We took some pains a year ago, to compare the systems of common school education which prevail at the North and South by personal inspection, inquiry, and observation, and the result was, that many important facts came into our possession which we had designed publishing in some of the daily prints, in a series of articles, but various circumstances have prevented. There is one truth, however, with reference to common schools, which is self evident, viz: that they constitute the hope and safeguard of the country, and upon what they, more than upon what the Universities and Colleges are, the condition of our country a century hence, will depend. He who reads the annual volume of reports on this subject, of seven or eight hundred pages, published in Massachusetts, reads the legislative provisions that are made there, considers the elevated course of instruction adopted, examines the well built and commodious school houses every where erected, converses with the people in common life, and then turns to the South and to our own miserably defective systems of education, cannot but feel mortified with the contrast, and wonder if Southern chivalry yet prides itself upon a more than Norman contempt of letters.

It is of the common school system that we particularly complain, and although many apologies may be made for it, we must at the same time charge ourselves with an indifference and insensibility which "cries to heaven." Of Academies and Colleges, we have not so much to deplore-some of ours standing as high, at least, as any similar ones in the Union. The South-Carolina, Charleston, Franklin, and Oglethorpe Institutions rank in the same catagory with Williamsburg, Amherst, etc., etc.

But we are running away from President Talmage's lecture.
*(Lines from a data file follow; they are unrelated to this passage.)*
lemma UN_shrinking_intervals_eq: "(\<Union>m::nat. {1/(real m+2) .. 1 - 1/(real m+2)}) = {0<..<1::real}"
proof
  show "(\<Union>m::nat. {1/(real m+2) .. 1 - 1/(real m+2)}) \<subseteq> {0<..<1}"
  proof
    fix x assume "x \<in> (\<Union>m::nat. {1/(real m+2) .. 1 - 1/(real m+2)})"
    then obtain m where "x \<in> {1/(real m+2) .. 1 - 1/(real m+2)}" by auto
    then have "1/(real m+2) \<le> x" "x \<le> 1 - 1/(real m+2)" by auto
    moreover have "0 < 1/(real m+2)" by simp
    ultimately show "x \<in> {0<..<1}" unfolding greaterThanLessThan_iff by linarith
  qed
  show "{0<..<1} \<subseteq> (\<Union>m::nat. {1/(real m+2) .. 1 - 1/(real m+2)})"
  proof
    fix x :: real assume x: "x \<in> {0<..<1}"
    define e where "e = min x (1-x)"
    have e: "e > 0" using x by (simp add: e_def)
    obtain m where "1/e \<le> real m" using real_arch_simple by blast
    then have "1/e < real m + 2" by linarith
    then have "1/(real m+2) \<le> e" using e by (simp add: field_simps)
    then have "x \<in> {1/(real m+2) .. 1 - 1/(real m+2)}" unfolding e_def by auto
    then show "x \<in> (\<Union>m::nat. {1/(real m+2) .. 1 - 1/(real m+2)})" by auto
  qed
qed

definition merger_rate :: "real measure \<Rightarrow> nat \<Rightarrow> nat \<Rightarrow> real" where
  "merger_rate \<Lambda> n j = real (n choose j) * lam \<Lambda> n j"

lemma lam_total_eq_sum_merger_rate:
  assumes n: "n \<ge> 2"
  shows "lam_total \<Lambda> n = (\<Sum>k=1..n-1. merger_rate \<Lambda> n (k+1))"
proof -
  have "lam_total \<Lambda> n = (\<Sum>k=Suc 1..Suc (n-1). real (n choose k) * lam \<Lambda> n k)"
    unfolding lam_total_def using n by (simp add: Suc_diff_1 numeral_2_eq_2)
  also have "\<dots> = (\<Sum>k=1..n-1. real (n choose Suc k) * lam \<Lambda> n (Suc k))"
    by (rule sum.shift_bounds_cl_Suc_ivl)
  finally show ?thesis by (simp add: merger_rate_def)
qed
lemma Greatest_nat_eq_iff:
  "(GREATEST i::nat. P i) = n \<longleftrightarrow>
    (P n \<and> (\<forall>m. P m \<longrightarrow> m \<le> n))
    \<or> (\<not> (\<exists>j. P j \<and> (\<forall>m. P m \<longrightarrow> m \<le> j)) \<and> n = (GREATEST i::nat. False))"
proof (cases "\<exists>j. P j \<and> (\<forall>m. P m \<longrightarrow> m \<le> j)")
  case True
  then obtain j where j: "P j" "\<forall>m. P m \<longrightarrow> m \<le> j"
    by blast
  then have "(GREATEST i. P i) = j"
    by (intro Greatest_equality) auto
  with j True show ?thesis
    by (auto intro: antisym)
next
  case False
  then have "(\<lambda>j. P j \<and> (\<forall>m. P m \<longrightarrow> m \<le> j)) = (\<lambda>j. False \<and> (\<forall>m. False \<longrightarrow> m \<le> j))"
    by (intro ext) blast
  then have "(GREATEST i. P i) = (GREATEST i::nat. False)"
    unfolding Greatest_def by simp
  with False show ?thesis
    by auto
qed

lemma measurable_Greatest_nat [measurable]:
  fixes P :: "nat \<Rightarrow> 'a \<Rightarrow> bool"
  assumes [measurable]: "\<And>i. Measurable.pred M (P i)"
  shows "(\<lambda>x. GREATEST i. P i x) \<in> measurable M (count_space UNIV)"
  unfolding measurable_count_space_eq2_countable
proof safe
  fix n
  have "(\<lambda>x. GREATEST i. P i x) -` {n} \<inter> space M = {x \<in> space M. (GREATEST i. P i x) = n}"
    by blast
  also have "\<dots> \<in> sets M"
    unfolding Greatest_nat_eq_iff by measurable
  finally show "(\<lambda>x. GREATEST i. P i x) -` {n} \<inter> space M \<in> sets M" .
qed simp

context
  fixes M :: "'a measure" and x :: "'a \<Rightarrow> nat \<Rightarrow> real"
  assumes measurable_path [measurable]: "\<And>k. (\<lambda>\<omega>. x \<omega> k) \<in> borel_measurable M"
begin

lemma measurable_raft_D [measurable]:
  "(\<lambda>\<omega>. raft_D (x \<omega>) r t) \<in> measurable M (count_space UNIV)"
  unfolding raft_D_def
proof (rule measurable_compose_countable[where f = "\<lambda>n \<omega>. card {k \<in> {1..n}. x \<omega> k \<le> r}"])
  show "(\<lambda>\<omega>. raft_N (x \<omega>) r t) \<in> measurable M (count_space UNIV)"
    unfolding raft_N_def raft_Y_def by measurable
qed measurable

lemma pred_raft_nonneg [measurable]: "Measurable.pred M (\<lambda>\<omega>. raft_nonneg (x \<omega>))"
  unfolding raft_nonneg_def by measurable

lemma pred_raft_regular [measurable]: "Measurable.pred M (\<lambda>\<omega>. raft_regular (x \<omega>) r t)"
  unfolding raft_regular_def raft_S_def raft_Y_def by measurable

end

definition poisson_prob :: "real \<Rightarrow> real \<Rightarrow> nat \<Rightarrow> real" where
  "poisson_prob lam t l = exp (- lam * t) * (lam * t) ^ l / fact l"

lemma poisson_prob_nonneg: "0 \<le> lam \<Longrightarrow> 0 \<le> t \<Longrightarrow> 0 \<le> poisson_prob lam t l"
  by (simp add: poisson_prob_def)

lemma poisson_prob_at_0: "poisson_prob lam 0 l = of_bool (l = 0)"
  by (simp add: poisson_prob_def)

lemma poisson_prob_sums: "(\<lambda>l. poisson_prob lam t l) sums 1"
proof -
  have "(\<lambda>l. exp (- lam * t) * ((lam * t) ^ l /\<^sub>R fact l)) sums (exp (- lam * t) * exp (lam * t))"
    by (intro sums_mult exp_converges)
  moreover have "exp (- lam * t) * ((lam * t) ^ l /\<^sub>R fact l) = poisson_prob lam t l" for l
    by (simp add: poisson_prob_def field_simps)
  ultimately show ?thesis
    by (simp flip: exp_add)
qed

lemma poisson_prob_memoryless:
  "exp (- lam * m) * poisson_prob lam (t - m) l = exp (- lam * t) * (lam * (t - m)) ^ l / fact l"
  by (simp add: poisson_prob_def flip: exp_add) (simp add: algebra_simps)

lemma poisson_prob_memoryless_le:
  assumes "0 \<le> lam" "0 \<le> m" "m \<le> t"
  shows "exp (- lam * m) * poisson_prob lam (t - m) l \<le> poisson_prob lam t l"
  unfolding poisson_prob_memoryless unfolding poisson_prob_def
  using assms by (auto intro!: divide_right_mono mult_left_mono power_mono)

lemma nn_integral_exponential_tail:
  assumes "0 < lam" "0 \<le> m"
  shows "(\<integral>\<^sup>+a. ennreal (exponential_density lam a) * indicator {m..} a \<partial>lborel) = exp (- lam * m)"
proof -
  have "(\<integral>\<^sup>+a. ennreal (exponential_density lam a) * indicator {m..} a \<partial>lborel)
      = (\<integral>\<^sup>+a. ennreal (lam * exp (- a * lam)) * indicator {m..} a \<partial>lborel)"
    using assms by (intro nn_integral_cong) (auto simp: exponential_density_def split: split_indicator)
  also have "\<dots> = ennreal (0 - (- exp (- m * lam)))"
  proof (rule nn_integral_FTC_atLeast)
    fix a :: real
    show "((\<lambda>a. - exp (- a * lam)) has_real_derivative lam * exp (- a * lam)) (at a)"
      by (auto intro!: derivative_eq_intros)
    show "0 \<le> lam * exp (- a * lam)"
      using assms by simp
  next
    have "filterlim (\<lambda>a. a * lam) at_top at_top"
      using assms by (intro filterlim_at_top_mult_tendsto_pos[OF tendsto_const] filterlim_ident)
    then have "filterlim (\<lambda>a. - a * lam) at_bot at_top"
      by (simp add: filterlim_uminus_at_bot)
    then show "((\<lambda>a. - exp (- a * lam)) \<longlongrightarrow> 0) at_top"
      using filterlim_compose[OF exp_at_bot] tendsto_minus by fastforce
  qed simp
  finally show ?thesis
    by (simp add: mult.commute)
qed

lemma nn_integral_exponential_poisson:
  assumes "0 < lam" "0 \<le> m" "m \<le> t"
  shows "(\<integral>\<^sup>+a. ennreal (exponential_density lam a * poisson_prob lam (t - a) l) * indicator {0..m} a \<partial>lborel)
       = poisson_prob lam t (Suc l) - exp (- lam * m) * poisson_prob lam (t - m) (Suc l)"
proof -
  define c where "c = exp (- lam * t) / fact (Suc l)"
  define F where "F a = - c * (lam * (t - a)) ^ Suc l" for a
  have "(\<integral>\<^sup>+a. ennreal (exponential_density lam a * poisson_prob lam (t - a) l) * indicator {0..m} a \<partial>lborel)
      = F m - F 0"
  proof (rule nn_integral_FTC_Icc)
    fix a :: real
    assume a: "a \<in> {0..m}"
    show "0 \<le> exponential_density lam a * poisson_prob lam (t - a) l"
      using assms a by (auto simp: exponential_density_def intro!: mult_nonneg_nonneg poisson_prob_nonneg)
    have deriv: "(F has_real_derivative - c * ((1 + of_nat l) * (- lam * (lam * (t - a)) ^ l))) (at a)"
      unfolding F_def by (intro DERIV_cmult DERIV_power_Suc derivative_eq_intros) auto
    have deriv_eq: "- c * ((1 + of_nat l) * (- lam * (lam * (t - a)) ^ l))
        = lam * exp (- lam * a) * poisson_prob lam (t - a) l"
    proof -
      have "- c * ((1 + of_nat l) * (- lam * (lam * (t - a)) ^ l))
          = c * (1 + of_nat l) * (lam * (lam * (t - a)) ^ l)"
        by (simp add: mult_ac)
      also have "c * (1 + of_nat l) = exp (- lam * t) / fact l"
        by (simp add: c_def fact_Suc)
      finally show ?thesis
        unfolding mult.assoc poisson_prob_memoryless by simp
    qed
    have density: "exponential_density lam a = lam * exp (- lam * a)"
      using a by (simp add: exponential_density_def mult.commute)
    show "(F has_real_derivative exponential_density lam a * poisson_prob lam (t - a) l) (at a)"
      using deriv unfolding deriv_eq density .
  qed (use assms in \<open>auto simp: poisson_prob_def\<close>)
  also have "F m - F 0 = poisson_prob lam t (Suc l) - exp (- lam * m) * poisson_prob lam (t - m) (Suc l)"
    unfolding F_def c_def poisson_prob_memoryless by (simp add: poisson_prob_def)
  finally show ?thesis .
qed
President T's. position at the head of the Oglethorpe University, entitles him, of course, to be heard, when he has any thing to say upon the subject of

Education; and we took up his production expecting much gratification and instruction from its perusal, although the subject has become so trite among the essayists of our day, and affords a theme for so many pages of school-boy composition. The worthy President did well, however, in his address before the Historical Society, to press "Education" home upon the people of Georgia; and we cannot but admire that zeal in the pursuit of his peculiar avocation as an instructor, which prevented his allowing such an opportunity to pass unimproved. "The object of education," says he, "is to make man intelligent, wise, useful, happy. In its enlarged sense, it is to prepare him for action and felicity in two worlds," p. 8. What, then, is the natural order of imparting this education? "In childhood, the first object is to exercise the senses, and learn the qualities of those things on which life and health and freedom from pain depend,"-p. 10. Physical education, it would seem then, is to be the first object of attention; and it is to be regretted that this natural order is so often perverted. How often have we witnessed the sad spectacle of a puny, sickly child, condemned the greater part of the day to the gallies of a close school-room, and to the hard tasks of an unrelenting and merciless master. How have we sickened with the prospect and regretted that some more rational system of education was not introduced, which would allow respite to the little sufferer from his toil, and send him forth to breathe the pure and balmy air of heaven, and amid the active sports which belong of right to childhood, form and strengthen his constitution for future health and usefulness.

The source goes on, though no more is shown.